**Task description**
Below are the entries; give again exactly the lines from the one mentioning "by (simp add: matrix_vector_mul_assoc" through the one mentioning "using Lx laplacian_mult_nth[of", inclusive.

+++++

lemma laplacian_pinv_triangle:
  fixes P :: "real^'n^'n"
  assumes P: "row_stochastic P" and P_connected: "strongly_connected P"
    and stat: "stationary_distribution P \<pi>"
  defines "Lp \<equiv> pinv (diag_vec \<pi> ** (mat 1 - P))"
  shows "Lp $ i $ k + Lp $ k $ m \<le> Lp $ i $ m + Lp $ k $ k"
proof -
  define v :: "real^'n" where "v = axis m 1 - axis k 1"
  define x where "x = Lp *v v"
  have "averaging_matrix *v v = 0"
    by (simp add: v_def vec_eq_iff averaging_matrix_mult_vector_nth sum_subtractf axis_def)
  then have Lx: "(diag_vec \<pi> ** (mat 1 - P)) *v x = v"
    using laplacian_mult_pinv[OF assms(1-3)] unfolding x_def Lp_def
    by (simp add: matrix_vector_mul_assoc matrix_vector_mult_diff_rdistrib)
  have "\<forall>j. j \<noteq> k \<longrightarrow> (P *v x) $ j \<le> x $ j"
  proof (intro allI impI)
    fix j
    assume "j \<noteq> k"
    then have "0 \<le> \<pi> $ j * (x $ j - (P *v x) $ j)"
      using Lx laplacian_mult_nth[of \<pi> P x j]
      by (simp add: v_def axis_def) (metis order.refl zero_le_one)
    moreover have "0 < \<pi> $ j"
      using P P_connected stat stationary_distribution_pos unfolding row_stochastic_def by blast
    ultimately show "(P *v x) $ j \<le> x $ j"
      by (auto simp: zero_le_mult_iff)
  qed
  then have "x $ k \<le> x $ i"
    by (rule row_stochastic_superharmonic_minimum[OF P P_connected])
  moreover have "x $ a = Lp $ a $ m - Lp $ a $ k" for a
    by (simp add: x_def v_def matrix_vector_mult_diff_distrib matrix_vector_mult_basis column_def)
  ultimately show ?thesis
    by simp
qed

+++++

**Your solution**
    by (simp add: matrix_vector_mul_assoc matrix_vector_mult_diff_rdistrib)
  have "\<forall>j. j \<noteq> k \<longrightarrow> (P *v x) $ j \<le> x $ j"
  proof (intro allI impI)
    fix j
    assume "j \<noteq> k"
    then have "0 \<le> \<pi> $ j * (x $ j - (P *v x) $ j)"
      using Lx laplacian_mult_nth[of \<pi> P x j]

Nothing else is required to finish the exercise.